For every line in the records below that contains the word "lceil", add one to a count, and report only that count.
===== Exercise data =====
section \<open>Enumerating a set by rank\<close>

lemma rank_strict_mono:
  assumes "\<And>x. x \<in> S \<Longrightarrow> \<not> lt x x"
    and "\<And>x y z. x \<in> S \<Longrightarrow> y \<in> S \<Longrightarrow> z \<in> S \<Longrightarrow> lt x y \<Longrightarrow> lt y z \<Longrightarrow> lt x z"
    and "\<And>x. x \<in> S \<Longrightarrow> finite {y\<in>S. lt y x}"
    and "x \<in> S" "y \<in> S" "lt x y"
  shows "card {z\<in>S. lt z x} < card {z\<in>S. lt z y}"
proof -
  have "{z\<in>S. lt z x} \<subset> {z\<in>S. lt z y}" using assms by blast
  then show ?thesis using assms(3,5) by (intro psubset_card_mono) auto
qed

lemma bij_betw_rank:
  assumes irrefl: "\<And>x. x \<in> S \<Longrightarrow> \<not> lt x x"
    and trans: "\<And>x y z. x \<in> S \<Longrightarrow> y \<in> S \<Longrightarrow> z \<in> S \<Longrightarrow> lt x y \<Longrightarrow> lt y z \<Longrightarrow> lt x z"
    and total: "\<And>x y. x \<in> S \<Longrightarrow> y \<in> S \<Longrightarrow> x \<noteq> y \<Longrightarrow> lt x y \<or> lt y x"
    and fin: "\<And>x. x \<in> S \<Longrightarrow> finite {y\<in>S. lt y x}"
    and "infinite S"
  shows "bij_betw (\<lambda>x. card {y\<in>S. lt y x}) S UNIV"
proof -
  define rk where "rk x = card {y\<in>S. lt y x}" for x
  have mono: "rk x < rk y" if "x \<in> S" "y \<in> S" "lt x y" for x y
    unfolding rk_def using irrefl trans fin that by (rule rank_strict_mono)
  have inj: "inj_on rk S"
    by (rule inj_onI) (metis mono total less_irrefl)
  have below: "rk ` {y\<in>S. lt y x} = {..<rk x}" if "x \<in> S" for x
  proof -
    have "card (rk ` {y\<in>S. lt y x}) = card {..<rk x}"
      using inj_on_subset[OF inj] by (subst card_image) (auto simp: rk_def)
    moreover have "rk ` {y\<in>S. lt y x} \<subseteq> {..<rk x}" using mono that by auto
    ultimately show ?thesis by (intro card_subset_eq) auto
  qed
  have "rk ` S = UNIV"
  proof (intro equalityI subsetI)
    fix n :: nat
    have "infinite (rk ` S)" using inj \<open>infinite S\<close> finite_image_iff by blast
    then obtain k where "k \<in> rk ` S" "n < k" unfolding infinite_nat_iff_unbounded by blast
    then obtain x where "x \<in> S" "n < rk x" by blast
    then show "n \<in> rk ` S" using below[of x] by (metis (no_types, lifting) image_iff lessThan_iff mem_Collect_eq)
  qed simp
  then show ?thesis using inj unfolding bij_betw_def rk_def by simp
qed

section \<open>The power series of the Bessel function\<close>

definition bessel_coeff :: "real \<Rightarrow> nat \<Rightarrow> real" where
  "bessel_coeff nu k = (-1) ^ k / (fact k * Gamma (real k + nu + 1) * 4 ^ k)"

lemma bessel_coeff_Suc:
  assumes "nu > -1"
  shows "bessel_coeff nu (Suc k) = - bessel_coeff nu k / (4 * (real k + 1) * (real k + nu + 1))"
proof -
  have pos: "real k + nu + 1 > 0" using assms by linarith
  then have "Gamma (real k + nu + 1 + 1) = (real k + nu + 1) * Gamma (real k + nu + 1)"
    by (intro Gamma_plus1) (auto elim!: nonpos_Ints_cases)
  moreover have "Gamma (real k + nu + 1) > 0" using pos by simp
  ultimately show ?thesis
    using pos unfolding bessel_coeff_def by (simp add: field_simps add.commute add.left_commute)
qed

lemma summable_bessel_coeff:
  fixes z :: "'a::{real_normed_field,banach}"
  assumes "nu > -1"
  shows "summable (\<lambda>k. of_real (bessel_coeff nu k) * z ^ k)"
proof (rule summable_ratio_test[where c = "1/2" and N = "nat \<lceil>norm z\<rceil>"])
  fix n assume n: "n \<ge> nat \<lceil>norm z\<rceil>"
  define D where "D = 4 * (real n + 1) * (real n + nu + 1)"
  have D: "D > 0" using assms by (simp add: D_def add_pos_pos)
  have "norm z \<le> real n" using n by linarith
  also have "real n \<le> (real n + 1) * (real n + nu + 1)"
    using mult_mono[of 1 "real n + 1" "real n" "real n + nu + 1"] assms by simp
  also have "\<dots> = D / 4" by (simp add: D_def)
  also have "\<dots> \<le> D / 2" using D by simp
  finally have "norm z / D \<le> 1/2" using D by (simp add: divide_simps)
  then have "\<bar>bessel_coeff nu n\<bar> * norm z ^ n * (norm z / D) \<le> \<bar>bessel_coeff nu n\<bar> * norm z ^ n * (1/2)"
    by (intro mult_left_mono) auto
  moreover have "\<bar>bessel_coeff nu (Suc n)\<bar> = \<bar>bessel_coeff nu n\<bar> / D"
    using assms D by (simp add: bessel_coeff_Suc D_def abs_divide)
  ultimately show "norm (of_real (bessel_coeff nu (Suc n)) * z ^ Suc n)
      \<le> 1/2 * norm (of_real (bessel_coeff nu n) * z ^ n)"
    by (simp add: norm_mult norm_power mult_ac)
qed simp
=====
===== Exercise data =====
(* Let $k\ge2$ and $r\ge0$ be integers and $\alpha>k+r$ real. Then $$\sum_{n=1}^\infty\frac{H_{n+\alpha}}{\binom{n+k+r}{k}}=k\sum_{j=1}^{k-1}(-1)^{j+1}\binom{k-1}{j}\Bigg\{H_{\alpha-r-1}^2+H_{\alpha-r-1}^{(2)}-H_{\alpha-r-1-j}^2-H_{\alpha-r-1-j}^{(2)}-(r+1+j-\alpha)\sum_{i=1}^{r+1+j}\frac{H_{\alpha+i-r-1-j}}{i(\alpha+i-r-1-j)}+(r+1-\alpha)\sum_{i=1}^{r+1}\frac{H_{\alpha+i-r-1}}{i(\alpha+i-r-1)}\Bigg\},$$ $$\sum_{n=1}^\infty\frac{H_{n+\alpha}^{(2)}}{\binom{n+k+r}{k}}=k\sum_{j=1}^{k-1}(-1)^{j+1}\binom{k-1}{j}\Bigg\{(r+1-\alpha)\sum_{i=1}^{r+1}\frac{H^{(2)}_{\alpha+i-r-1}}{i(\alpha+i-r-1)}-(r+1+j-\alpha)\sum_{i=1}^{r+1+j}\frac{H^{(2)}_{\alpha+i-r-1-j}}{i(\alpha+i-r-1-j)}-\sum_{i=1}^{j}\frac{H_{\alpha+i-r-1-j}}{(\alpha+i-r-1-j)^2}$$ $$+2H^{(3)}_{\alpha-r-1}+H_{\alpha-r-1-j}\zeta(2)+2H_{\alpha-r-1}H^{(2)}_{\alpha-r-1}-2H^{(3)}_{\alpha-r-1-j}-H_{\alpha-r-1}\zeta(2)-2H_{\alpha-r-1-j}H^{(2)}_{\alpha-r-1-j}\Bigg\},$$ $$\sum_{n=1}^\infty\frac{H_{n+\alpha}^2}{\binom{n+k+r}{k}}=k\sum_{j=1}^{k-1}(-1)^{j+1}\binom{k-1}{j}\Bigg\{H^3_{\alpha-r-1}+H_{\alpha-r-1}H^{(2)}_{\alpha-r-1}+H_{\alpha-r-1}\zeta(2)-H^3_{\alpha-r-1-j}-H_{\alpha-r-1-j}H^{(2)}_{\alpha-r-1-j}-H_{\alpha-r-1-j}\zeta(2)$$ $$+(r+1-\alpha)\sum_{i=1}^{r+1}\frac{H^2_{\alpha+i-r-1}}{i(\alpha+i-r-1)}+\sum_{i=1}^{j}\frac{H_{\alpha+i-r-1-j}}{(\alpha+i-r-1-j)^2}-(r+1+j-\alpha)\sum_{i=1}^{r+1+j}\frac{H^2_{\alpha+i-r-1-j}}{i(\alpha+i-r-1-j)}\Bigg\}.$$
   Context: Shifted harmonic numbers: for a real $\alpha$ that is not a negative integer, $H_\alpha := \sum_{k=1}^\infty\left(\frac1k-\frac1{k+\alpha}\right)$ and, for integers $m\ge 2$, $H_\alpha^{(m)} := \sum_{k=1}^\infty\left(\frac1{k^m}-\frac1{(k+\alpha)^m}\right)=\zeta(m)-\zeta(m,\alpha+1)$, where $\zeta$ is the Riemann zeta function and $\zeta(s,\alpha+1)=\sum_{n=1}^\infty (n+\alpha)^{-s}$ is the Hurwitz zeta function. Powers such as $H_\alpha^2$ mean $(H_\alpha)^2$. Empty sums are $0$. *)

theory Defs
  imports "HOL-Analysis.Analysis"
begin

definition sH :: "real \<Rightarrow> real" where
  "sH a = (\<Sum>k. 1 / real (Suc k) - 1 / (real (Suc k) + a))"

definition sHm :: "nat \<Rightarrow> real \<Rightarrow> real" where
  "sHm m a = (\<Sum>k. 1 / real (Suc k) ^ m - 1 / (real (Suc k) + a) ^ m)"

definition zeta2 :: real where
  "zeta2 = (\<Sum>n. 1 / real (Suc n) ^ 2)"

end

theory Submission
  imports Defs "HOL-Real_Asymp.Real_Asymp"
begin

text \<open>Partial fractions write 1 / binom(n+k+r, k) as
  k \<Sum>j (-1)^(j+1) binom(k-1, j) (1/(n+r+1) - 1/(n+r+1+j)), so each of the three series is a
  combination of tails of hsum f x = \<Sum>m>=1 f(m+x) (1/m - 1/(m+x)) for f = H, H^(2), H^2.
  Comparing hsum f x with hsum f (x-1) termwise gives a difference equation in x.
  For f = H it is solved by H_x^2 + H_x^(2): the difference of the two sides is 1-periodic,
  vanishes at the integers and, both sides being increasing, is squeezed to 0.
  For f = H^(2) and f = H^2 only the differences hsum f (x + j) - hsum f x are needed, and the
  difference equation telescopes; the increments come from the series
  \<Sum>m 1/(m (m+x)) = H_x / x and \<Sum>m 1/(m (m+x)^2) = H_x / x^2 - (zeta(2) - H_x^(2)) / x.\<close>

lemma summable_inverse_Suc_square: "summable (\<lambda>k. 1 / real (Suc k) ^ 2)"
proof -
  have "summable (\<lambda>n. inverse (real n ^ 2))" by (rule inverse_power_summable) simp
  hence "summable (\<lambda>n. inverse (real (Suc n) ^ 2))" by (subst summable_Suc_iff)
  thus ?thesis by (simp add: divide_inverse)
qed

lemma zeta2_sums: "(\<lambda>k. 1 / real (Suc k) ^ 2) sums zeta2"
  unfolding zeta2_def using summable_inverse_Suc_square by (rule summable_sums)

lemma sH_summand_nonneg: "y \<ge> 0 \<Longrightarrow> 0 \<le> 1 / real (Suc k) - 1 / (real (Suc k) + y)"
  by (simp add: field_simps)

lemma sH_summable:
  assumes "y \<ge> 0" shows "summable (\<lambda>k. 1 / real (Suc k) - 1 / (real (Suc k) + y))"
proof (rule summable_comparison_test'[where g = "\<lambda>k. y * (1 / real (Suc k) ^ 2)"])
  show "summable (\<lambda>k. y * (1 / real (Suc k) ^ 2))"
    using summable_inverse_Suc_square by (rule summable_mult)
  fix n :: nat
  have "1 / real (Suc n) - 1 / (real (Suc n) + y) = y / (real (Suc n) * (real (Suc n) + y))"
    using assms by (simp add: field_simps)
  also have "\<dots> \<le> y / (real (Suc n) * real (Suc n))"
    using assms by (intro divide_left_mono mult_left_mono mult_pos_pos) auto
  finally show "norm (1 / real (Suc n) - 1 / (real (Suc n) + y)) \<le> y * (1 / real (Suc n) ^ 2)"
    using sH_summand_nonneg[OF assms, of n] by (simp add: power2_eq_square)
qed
=====
===== Exercise data =====
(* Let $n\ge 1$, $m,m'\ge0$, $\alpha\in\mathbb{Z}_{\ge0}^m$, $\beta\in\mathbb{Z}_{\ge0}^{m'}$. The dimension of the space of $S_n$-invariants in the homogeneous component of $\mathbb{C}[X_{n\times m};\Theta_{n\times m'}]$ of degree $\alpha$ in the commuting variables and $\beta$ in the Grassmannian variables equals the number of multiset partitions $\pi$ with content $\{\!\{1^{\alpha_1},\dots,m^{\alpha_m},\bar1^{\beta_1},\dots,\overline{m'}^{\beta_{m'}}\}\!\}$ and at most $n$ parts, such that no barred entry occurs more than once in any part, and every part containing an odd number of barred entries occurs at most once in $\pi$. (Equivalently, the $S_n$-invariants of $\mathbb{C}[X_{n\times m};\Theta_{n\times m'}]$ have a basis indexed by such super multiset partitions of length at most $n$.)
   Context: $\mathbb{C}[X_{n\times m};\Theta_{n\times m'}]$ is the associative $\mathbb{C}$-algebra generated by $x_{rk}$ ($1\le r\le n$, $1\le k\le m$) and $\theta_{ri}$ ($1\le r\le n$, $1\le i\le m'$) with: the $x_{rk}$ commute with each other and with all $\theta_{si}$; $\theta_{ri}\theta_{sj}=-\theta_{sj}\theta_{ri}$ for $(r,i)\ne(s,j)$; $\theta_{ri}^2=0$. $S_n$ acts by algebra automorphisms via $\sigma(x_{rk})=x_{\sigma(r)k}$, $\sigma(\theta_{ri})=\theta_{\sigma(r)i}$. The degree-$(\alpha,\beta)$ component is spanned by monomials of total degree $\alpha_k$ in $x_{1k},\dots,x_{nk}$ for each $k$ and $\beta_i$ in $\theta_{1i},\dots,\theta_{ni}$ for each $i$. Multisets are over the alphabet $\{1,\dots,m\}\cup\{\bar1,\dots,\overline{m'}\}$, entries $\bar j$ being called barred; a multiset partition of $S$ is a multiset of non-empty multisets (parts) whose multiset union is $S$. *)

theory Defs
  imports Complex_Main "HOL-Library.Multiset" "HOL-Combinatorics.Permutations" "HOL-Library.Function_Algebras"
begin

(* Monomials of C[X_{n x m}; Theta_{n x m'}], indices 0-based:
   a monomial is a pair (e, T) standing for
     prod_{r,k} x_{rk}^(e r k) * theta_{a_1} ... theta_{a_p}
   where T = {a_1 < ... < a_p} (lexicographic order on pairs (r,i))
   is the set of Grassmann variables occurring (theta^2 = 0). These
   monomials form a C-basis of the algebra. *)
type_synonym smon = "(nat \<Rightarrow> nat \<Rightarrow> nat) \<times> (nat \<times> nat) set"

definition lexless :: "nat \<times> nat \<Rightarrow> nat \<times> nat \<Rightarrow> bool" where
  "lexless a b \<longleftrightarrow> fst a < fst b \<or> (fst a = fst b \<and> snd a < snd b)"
=====
Output
2